(* Let $\alpha>0$, $0<q<\infty$, $r>0$, let $\mu$ be a positive Borel measure on $\mathbb{C}$, and let $\{a_k\}_{k=1}^\infty$ be an $r$-lattice of $\mathbb{C}$. The following are equivalent: (1) $\mu$ is an $(\infty,q)$ Fock-Carleson measure; (2) $\tilde{\mu}_t\in L^1(\mathbb{C},dA)$ for every $t>0$; (3) the function $z\mapsto\mu(B(z,r))$ belongs to $L^1(\mathbb{C},dA)$; (4) $\{\mu(B(a_k,r))\}_{k\ge1}\in \ell^1$.
   Context: $dA$ is area measure on $\mathbb{C}$, $B(z,r)$ is the open disc of center $z$ and radius $r$. $F^\infty_\alpha$ is the space of entire functions $f$ with $\|f\|_{\infty,\alpha}=\sup_{z}|f(z)|e^{-\alpha|z|^2/2}<\infty$. $\mu$ is an $(\infty,q)$ Fock-Carleson measure if there is $C>0$ with $\left[\int_{\mathbb{C}}|f(z)e^{-\alpha|z|^2/2}|^q\,d\mu(z)\right]^{1/q}\le C\|f\|_{\infty,\alpha}$ for all $f\in F^\infty_\alpha$. For $t>0$, the $t$-Berezin transform of $\mu$ is $\tilde{\mu}_t(z)=\frac{\alpha}{\pi}\int_{\mathbb{C}}e^{-\alpha t|z-w|^2/2}\,d\mu(w)$. A sequence $\{a_k\}$ in $\mathbb{C}$ is an $r$-lattice if $\mathbb{C}=\bigcup_k B(a_k,r)$ and the discs $B(a_k,r/2)$ are pairwise disjoint. *)

theory Defs
  imports "HOL-Analysis.Analysis"
begin

definition fock_inf :: "real \<Rightarrow> (complex \<Rightarrow> complex) set" where
  "fock_inf \<alpha> = {f. f holomorphic_on UNIV \<and>
      bdd_above (range (\<lambda>z. norm (f z) * exp (- \<alpha> * (cmod z)^2 / 2)))}"

definition fock_inf_norm :: "real \<Rightarrow> (complex \<Rightarrow> complex) \<Rightarrow> real" where
  "fock_inf_norm \<alpha> f = (SUP z. norm (f z) * exp (- \<alpha> * (cmod z)^2 / 2))"

definition fock_carleson_inf :: "real \<Rightarrow> real \<Rightarrow> complex measure \<Rightarrow> bool" where
  "fock_carleson_inf \<alpha> q \<mu> \<longleftrightarrow> (\<exists>C>0. \<forall>f\<in>fock_inf \<alpha>.
      (\<integral>\<^sup>+ z. ennreal ((norm (f z) * exp (- \<alpha> * (cmod z)^2 / 2)) powr q) \<partial>\<mu>) < \<infinity> \<and>
      (enn2real (\<integral>\<^sup>+ z. ennreal ((norm (f z) * exp (- \<alpha> * (cmod z)^2 / 2)) powr q) \<partial>\<mu>))
         powr (1 / q) \<le> C * fock_inf_norm \<alpha> f)"

definition berezin :: "real \<Rightarrow> real \<Rightarrow> complex measure \<Rightarrow> complex \<Rightarrow> ennreal" where
  "berezin \<alpha> t \<mu> z = ennreal (\<alpha> / pi) *
      (\<integral>\<^sup>+ w. ennreal (exp (- \<alpha> * t * (cmod (z - w))^2 / 2)) \<partial>\<mu>)"

definition r_lattice :: "real \<Rightarrow> (nat \<Rightarrow> complex) \<Rightarrow> bool" where
  "r_lattice r a \<longleftrightarrow> (\<Union>k. ball (a k) r) = UNIV \<and>
      (\<forall>j k. j \<noteq> k \<longrightarrow> ball (a j) (r/2) \<inter> ball (a k) (r/2) = {})"

end

theory Submission
  imports Defs "HOL-Probability.Distributions"
begin

(* All four conditions are equivalent to mu(C) < infinity.  By Tonelli, the integral of mu(B(z,r))
   over z is pi r^2 mu(C), and the integral of the t-Berezin transform is mu(C) times a Gaussian
   integral; the sigma-finiteness needed for Tonelli follows from the finiteness of the integral,
   since a disc of infinite measure would make mu(B(z,r)) infinite on a set of positive area.  The
   Berezin transform dominates a multiple of mu(B(z,r)), and every point lies in at most 9 of the
   discs B(a_k,r), so the lattice sum lies between mu(C) and 9 mu(C).  A finite measure is trivially
   (infinity,q) Fock-Carleson.  Conversely, products of sums of normalised reproducing kernels along
   sparse shifted lattices in the real and imaginary directions give finitely many functions of
   bounded Fock norm such that at every point of a given disc B(0,n) one of them has weighted
   modulus bounded below; testing the Carleson inequality on them bounds mu(B(0,n)) independently of n. *)

section \<open>Measures of discs\<close>

lemma open_emeasure_ball_gt:
  fixes \<mu> :: "'a::metric_space measure"
  assumes sets: "sets \<mu> = sets borel"
  shows "open {z. y < emeasure \<mu> (ball z r)}"
proof (rule openI)
  fix z assume "z \<in> {z. y < emeasure \<mu> (ball z r)}"
  then have y: "y < emeasure \<mu> (ball z r)" by simp
  define A where "A n = ball z (r - 1 / Suc n)" for n :: nat
  have "incseq A"
    unfolding A_def by (intro incseq_SucI subset_ball) (simp add: frac_le)
  moreover have "(\<Union>n. A n) = ball z r"
  proof
    show "(\<Union>n. A n) \<subseteq> ball z r"
      unfolding A_def by (intro UN_least subset_ball) simp
    show "ball z r \<subseteq> (\<Union>n. A n)"
    proof
      fix w assume "w \<in> ball z r"
      then obtain n where "1 / Suc n < r - dist z w"
        using reals_Archimedean[of "r - dist z w"] by (auto simp: inverse_eq_divide)
      then have "w \<in> A n" by (simp add: A_def)
      then show "w \<in> (\<Union>n. A n)" by blast
    qed
  qed
  ultimately have "(SUP n. emeasure \<mu> (A n)) = emeasure \<mu> (ball z r)"
    using sets by (subst SUP_emeasure_incseq) (auto simp: A_def)
  with y obtain n where n: "y < emeasure \<mu> (A n)"
    by (metis less_SUP_iff)
  have "ball z (1 / Suc n) \<subseteq> {z. y < emeasure \<mu> (ball z r)}"
  proof
    fix z' assume z': "z' \<in> ball z (1 / Suc n)"
    have "A n \<subseteq> ball z' r"
    proof
      fix w assume "w \<in> A n"
      then have "dist z w < r - 1 / Suc n" by (simp add: A_def)
      moreover have "dist z' w \<le> dist z' z + dist z w" by (rule dist_triangle)
      ultimately show "w \<in> ball z' r" using z' by (simp add: dist_commute)
    qed
    then have "emeasure \<mu> (A n) \<le> emeasure \<mu> (ball z' r)"
      using sets by (intro emeasure_mono) auto
    with n show "z' \<in> {z. y < emeasure \<mu> (ball z r)}" by simp
  qed
  then show "\<exists>e>0. ball z e \<subseteq> {z. y < emeasure \<mu> (ball z r)}"
    by (intro exI[of _ "1 / Suc n"]) auto
qed

lemma borel_measurable_emeasure_ball:
  fixes \<mu> :: "'a::metric_space measure"
  assumes "sets \<mu> = sets borel"
  shows "(\<lambda>z. emeasure \<mu> (ball z r)) \<in> borel_measurable borel"
  using open_emeasure_ball_gt[OF assms] by (intro borel_measurableI_greater) auto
· · · · · · ·
◆ Directions for this task
Go through the material and set every line down again exactly.

◆ Exercise response
(* Let $\alpha>0$, $0<q<\infty$, $r>0$, let $\mu$ be a positive Borel measure on $\mathbb{C}$, and let $\{a_k\}_{k=1}^\infty$ be an $r$-lattice of $\mathbb{C}$. The following are equivalent: (1) $\mu$ is an $(\infty,q)$ Fock-Carleson measure; (2) $\tilde{\mu}_t\in L^1(\mathbb{C},dA)$ for every $t>0$; (3) the function $z\mapsto\mu(B(z,r))$ belongs to $L^1(\mathbb{C},dA)$; (4) $\{\mu(B(a_k,r))\}_{k\ge1}\in \ell^1$.
   Context: $dA$ is area measure on $\mathbb{C}$, $B(z,r)$ is the open disc of center $z$ and radius $r$. $F^\infty_\alpha$ is the space of entire functions $f$ with $\|f\|_{\infty,\alpha}=\sup_{z}|f(z)|e^{-\alpha|z|^2/2}<\infty$. $\mu$ is an $(\infty,q)$ Fock-Carleson measure if there is $C>0$ with $\left[\int_{\mathbb{C}}|f(z)e^{-\alpha|z|^2/2}|^q\,d\mu(z)\right]^{1/q}\le C\|f\|_{\infty,\alpha}$ for all $f\in F^\infty_\alpha$. For $t>0$, the $t$-Berezin transform of $\mu$ is $\tilde{\mu}_t(z)=\frac{\alpha}{\pi}\int_{\mathbb{C}}e^{-\alpha t|z-w|^2/2}\,d\mu(w)$. A sequence $\{a_k\}$ in $\mathbb{C}$ is an $r$-lattice if $\mathbb{C}=\bigcup_k B(a_k,r)$ and the discs $B(a_k,r/2)$ are pairwise disjoint. *)

theory Defs
  imports "HOL-Analysis.Analysis"
begin

definition fock_inf :: "real \<Rightarrow> (complex \<Rightarrow> complex) set" where
  "fock_inf \<alpha> = {f. f holomorphic_on UNIV \<and>
      bdd_above (range (\<lambda>z. norm (f z) * exp (- \<alpha> * (cmod z)^2 / 2)))}"

definition fock_inf_norm :: "real \<Rightarrow> (complex \<Rightarrow> complex) \<Rightarrow> real" where
  "fock_inf_norm \<alpha> f = (SUP z. norm (f z) * exp (- \<alpha> * (cmod z)^2 / 2))"

definition fock_carleson_inf :: "real \<Rightarrow> real \<Rightarrow> complex measure \<Rightarrow> bool" where
  "fock_carleson_inf \<alpha> q \<mu> \<longleftrightarrow> (\<exists>C>0. \<forall>f\<in>fock_inf \<alpha>.
      (\<integral>\<^sup>+ z. ennreal ((norm (f z) * exp (- \<alpha> * (cmod z)^2 / 2)) powr q) \<partial>\<mu>) < \<infinity> \<and>
      (enn2real (\<integral>\<^sup>+ z. ennreal ((norm (f z) * exp (- \<alpha> * (cmod z)^2 / 2)) powr q) \<partial>\<mu>))
         powr (1 / q) \<le> C * fock_inf_norm \<alpha> f)"

definition berezin :: "real \<Rightarrow> real \<Rightarrow> complex measure \<Rightarrow> complex \<Rightarrow> ennreal" where
  "berezin \<alpha> t \<mu> z = ennreal (\<alpha> / pi) *
      (\<integral>\<^sup>+ w. ennreal (exp (- \<alpha> * t * (cmod (z - w))^2 / 2)) \<partial>\<mu>)"

definition r_lattice :: "real \<Rightarrow> (nat \<Rightarrow> complex) \<Rightarrow> bool" where
  "r_lattice r a \<longleftrightarrow> (\<Union>k. ball (a k) r) = UNIV \<and>
      (\<forall>j k. j \<noteq> k \<longrightarrow> ball (a j) (r/2) \<inter> ball (a k) (r/2) = {})"

end

theory Submission
  imports Defs "HOL-Probability.Distributions"
begin

(* All four conditions are equivalent to mu(C) < infinity.  By Tonelli, the integral of mu(B(z,r))
   over z is pi r^2 mu(C), and the integral of the t-Berezin transform is mu(C) times a Gaussian
   integral; the sigma-finiteness needed for Tonelli follows from the finiteness of the integral,
   since a disc of infinite measure would make mu(B(z,r)) infinite on a set of positive area.  The
   Berezin transform dominates a multiple of mu(B(z,r)), and every point lies in at most 9 of the
   discs B(a_k,r), so the lattice sum lies between mu(C) and 9 mu(C).  A finite measure is trivially
   (infinity,q) Fock-Carleson.  Conversely, products of sums of normalised reproducing kernels along
   sparse shifted lattices in the real and imaginary directions give finitely many functions of
   bounded Fock norm such that at every point of a given disc B(0,n) one of them has weighted
   modulus bounded below; testing the Carleson inequality on them bounds mu(B(0,n)) independently of n. *)

section \<open>Measures of discs\<close>

lemma open_emeasure_ball_gt:
  fixes \<mu> :: "'a::metric_space measure"
  assumes sets: "sets \<mu> = sets borel"
  shows "open {z. y < emeasure \<mu> (ball z r)}"
proof (rule openI)
  fix z assume "z \<in> {z. y < emeasure \<mu> (ball z r)}"
  then have y: "y < emeasure \<mu> (ball z r)" by simp
  define A where "A n = ball z (r - 1 / Suc n)" for n :: nat
  have "incseq A"
    unfolding A_def by (intro incseq_SucI subset_ball) (simp add: frac_le)
  moreover have "(\<Union>n. A n) = ball z r"
  proof
    show "(\<Union>n. A n) \<subseteq> ball z r"
      unfolding A_def by (intro UN_least subset_ball) simp
    show "ball z r \<subseteq> (\<Union>n. A n)"
    proof
      fix w assume "w \<in> ball z r"
      then obtain n where "1 / Suc n < r - dist z w"
        using reals_Archimedean[of "r - dist z w"] by (auto simp: inverse_eq_divide)
      then have "w \<in> A n" by (simp add: A_def)
      then show "w \<in> (\<Union>n. A n)" by blast
    qed
  qed
  ultimately have "(SUP n. emeasure \<mu> (A n)) = emeasure \<mu> (ball z r)"
    using sets by (subst SUP_emeasure_incseq) (auto simp: A_def)
  with y obtain n where n: "y < emeasure \<mu> (A n)"
    by (metis less_SUP_iff)
  have "ball z (1 / Suc n) \<subseteq> {z. y < emeasure \<mu> (ball z r)}"
  proof
    fix z' assume z': "z' \<in> ball z (1 / Suc n)"
    have "A n \<subseteq> ball z' r"
    proof
      fix w assume "w \<in> A n"
      then have "dist z w < r - 1 / Suc n" by (simp add: A_def)
      moreover have "dist z' w \<le> dist z' z + dist z w" by (rule dist_triangle)
      ultimately show "w \<in> ball z' r" using z' by (simp add: dist_commute)
    qed
    then have "emeasure \<mu> (A n) \<le> emeasure \<mu> (ball z' r)"
      using sets by (intro emeasure_mono) auto
    with n show "z' \<in> {z. y < emeasure \<mu> (ball z r)}" by simp
  qed
  then show "\<exists>e>0. ball z e \<subseteq> {z. y < emeasure \<mu> (ball z r)}"
    by (intro exI[of _ "1 / Suc n"]) auto
qed

lemma borel_measurable_emeasure_ball:
  fixes \<mu> :: "'a::metric_space measure"
  assumes "sets \<mu> = sets borel"
  shows "(\<lambda>z. emeasure \<mu> (ball z r)) \<in> borel_measurable borel"
  using open_emeasure_ball_gt[OF assms] by (intro borel_measurableI_greater) auto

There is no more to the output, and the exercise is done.